Tunis-Le Quotidien A peine l’été fini, avec ses innombrables et ses veillées interminables, le Tunisien est de nouveau appelé à faire face à deux échéances de taille qui nécessitent un gros budget et un sens aigu de débrouillardise. La rentrée scolaire et Ramadan constituent en effet deux événements importants dans la vie de nos concitoyens. Ces derniers n’ont d’autres choix que de se préparer conventionnellement à faire face aux multiples dépenses occasionnées par l’avènement successif de deux rendez-vous qui vont particulièrement solliciter les bourses des ménages.
Comment les Tunisiens s’y sont-ils préparés ? La question est sur toutes les lèvres et chacun y va de sa méthode propre pour se tirer d’affaire. Certains de nos concitoyens se sont ainsi rués sur les caisses sociales pour dénicher un prêt de consommation; d’autres pour des raisons objectives ont préféré recourir aux prêts bancaires car ils exigent moins de formalités.
Saïda, fonctionnaire a choisi de concilier l’utile à l’agréable. Elle a contracté un prêt bancaire de six mille dinars à la fois pour l’achat d’une voiture d’occasion pour célébrer comme il se doit le mois de Ramadan et surtout pour permettre à ses enfants de reprendre le chemin de l’école dans les meilleures conditions.
Abdellatif, employé dans une entreprise privée, a de son côté, contracté un prêt de 1000 dinars auprès de la Caisse nationale de la sécurité sociale pour faire face aux multiples dépenses.
Habib, fonctionnaire de son état n’a pas rencontré de difficultés particulières pour subvenir à ses besoins prévisibles pour les deux échéances. «Je suis de nature organisé. Je laisse toujours de côté une certaine somme d’argent pour éviter les mauvaises surprises.
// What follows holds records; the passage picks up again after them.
corollary kernel_ratio_emp_measure_tail:
  fixes mu :: "'a measure" and f k :: "'a \<Rightarrow> 'a \<Rightarrow> real" and D :: "'a set"
    and n :: nat and rho \<epsilon> :: real
  assumes mu: "prob_space mu"
    and f_meas: "(\<lambda>(x, y). f x y) \<in> borel_measurable (mu \<Otimes>\<^sub>M mu)"
    and k_meas: "(\<lambda>(x, y). k x y) \<in> borel_measurable (mu \<Otimes>\<^sub>M mu)"
    and f_le_k: "\<And>x y. 0 \<le> f x y \<and> f x y \<le> k x y" and k_le_1: "\<And>x y. k x y \<le> 1"
    and rho_pos: "rho > 0" and D: "D \<in> sets mu"
    and eps_pos: "\<epsilon> > 0" and n_large: "real n > 6 / (\<epsilon> * rho)"
  defines "E \<equiv> {X \<in> space (PiM {..<n} (\<lambda>_. mu)). \<exists>i<n. X i \<in> D \<and>
      \<epsilon> < \<bar>kernel_ratio mu f k rho (X i) - kernel_ratio (emp_measure n X) f k rho (X i)\<bar>}"
  shows "E \<in> sets (PiM {..<n} (\<lambda>_. mu))"
    and "measure (PiM {..<n} (\<lambda>_. mu)) E < 4 * real n * exp (- ((real n - 1) * rho\<^sup>2 * \<epsilon>\<^sup>2 / 36))"
proof -
  note concentration = kernel_ratio_emp_measure_concentration[OF mu f_meas k_meas f_le_k k_le_1 rho_pos D,
      where s = \<epsilon> and n = n, folded E_def]
  show "E \<in> sets (PiM {..<n} (\<lambda>_. mu))" by (rule concentration(1))
  have "n > 0"
    using n_large mult_pos_pos[OF eps_pos rho_pos] by (cases n) auto
  show "measure (PiM {..<n} (\<lambda>_. mu)) E < 4 * real n * exp (- ((real n - 1) * rho\<^sup>2 * \<epsilon>\<^sup>2 / 36))"
  proof (cases "n = 1")
    case True
    interpret P: prob_space "PiM {..<n} (\<lambda>_. mu)" by (rule prob_space_PiM) (use mu in auto)
    show ?thesis using P.prob_le_1[of E] True by simp
  next
    case False
    define t where "t = \<epsilon> * rho / 3"
    have "1 / real n < \<epsilon> * rho / 6"
      using n_large eps_pos rho_pos \<open>n > 0\<close> by (simp add: field_simps)
    then have "2 * (1 / n + t) / rho \<le> \<epsilon>"
      using rho_pos by (simp add: t_def field_simps)
    then have "measure (PiM {..<n} (\<lambda>_. mu)) E \<le> 4 * real n * exp (-2 * (real n - 1) * t\<^sup>2)"
      using False \<open>n > 0\<close> eps_pos rho_pos by (intro concentration(2)) (auto simp: t_def)
    also have "\<dots> < 4 * real n * exp (- ((real n - 1) * rho\<^sup>2 * \<epsilon>\<^sup>2 / 36))"
      using False \<open>n > 0\<close> eps_pos rho_pos by (simp add: t_def power_mult_distrib field_simps)
    finally show ?thesis .
  qed
qed
lemma path_inside:
  assumes c: "(i, j, s) \<in> chain_ids" and u: "u < path_len i j s" and xy: "path i j s u = (x, y)"
  shows "ppos i j x y \<and> level i j x y = s"
proof (cases "i < j")
  case True
  have "s < length (Cs ! j)" "length (Cs ! j) \<le> length (Cs ! i)" "j < length Cs"
    using c True chain_length_mono by (auto simp: chain_ids_def)
  moreover have "u < rhook_len (length (Cs ! i)) (length (Cs ! j)) s"
    "rhook (length (Cs ! i)) s u = (x, y)" using True u xy by (simp_all add: path_def path_len_def)
  ultimately have "x < length (Cs ! i) \<and> y < length (Cs ! j) \<and> rhook_level (length (Cs ! i)) x y = s"
    using rhook_inside by blast
  then show ?thesis using True \<open>j < length Cs\<close> by (simp add: ppos_def level_def)
next
  case False
  have "2 * s < length (Cs ! i)" "i = j" "i < length Cs" using c False by (auto simp: chain_ids_def)
  moreover have "u < thook_len (length (Cs ! i)) s" "thook (length (Cs ! i)) s u = (x, y)"
    using False u xy by (simp_all add: path_def path_len_def)
  ultimately have "x \<le> y \<and> y < length (Cs ! i) \<and> thook_level (length (Cs ! i)) x y = s"
    using thook_inside by blast
  then show ?thesis using \<open>i = j\<close> \<open>i < length Cs\<close> by (simp add: ppos_def level_def)
qed

lemma path_covers:
  assumes "ppos i j x y"
  shows "(i, j, level i j x y) \<in> chain_ids \<and>
    (\<exists>u < path_len i j (level i j x y). path i j (level i j x y) u = (x, y))"
proof (cases "i < j")
  case True
  have "length (Cs ! j) \<le> length (Cs ! i)" using True assms chain_length_mono by (auto simp: ppos_def)
  then show ?thesis using True assms rhook_covers[of "length (Cs ! j)" "length (Cs ! i)" x y]
    by (auto simp: ppos_def level_def path_def path_len_def chain_ids_def rhook_level_def)
next
  case False
  then have "i = j" "x \<le> y" "y < length (Cs ! i)" "i < length Cs" using assms by (auto simp: ppos_def)
  then show ?thesis using False thook_covers[of x y "length (Cs ! i)"]
    by (auto simp: level_def path_def path_len_def chain_ids_def)
qed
Pour moi, la rentrée scolaire et le mois de Ramadan, de par leur importance dans notre vie, constituent des événements ordinaires pour lesquels je me suis toujours préparé», dit-il.
La majorité des Tunisiens dont nous avons recueilli le témoignage estiment que ces deux échéances nécessitent des dépenses énormes. Si sur le pécuniaire elles ne posent pas de problèmes particuliers, ces deux événements les contraignent à revoir leurs prévisions et à redéfinir leurs priorités.
C’est le cas de Abderrazak, chef d’atelier de réparation de voitures, pense que la rentrée scolaire et le mois de Ramadan l’ont obligé à revoir certaines priorités.
Pour Hassen, le problème ne se pose gère. Marié et père d’un enfant, ces deux événements très importants sont des échéances comme les autres.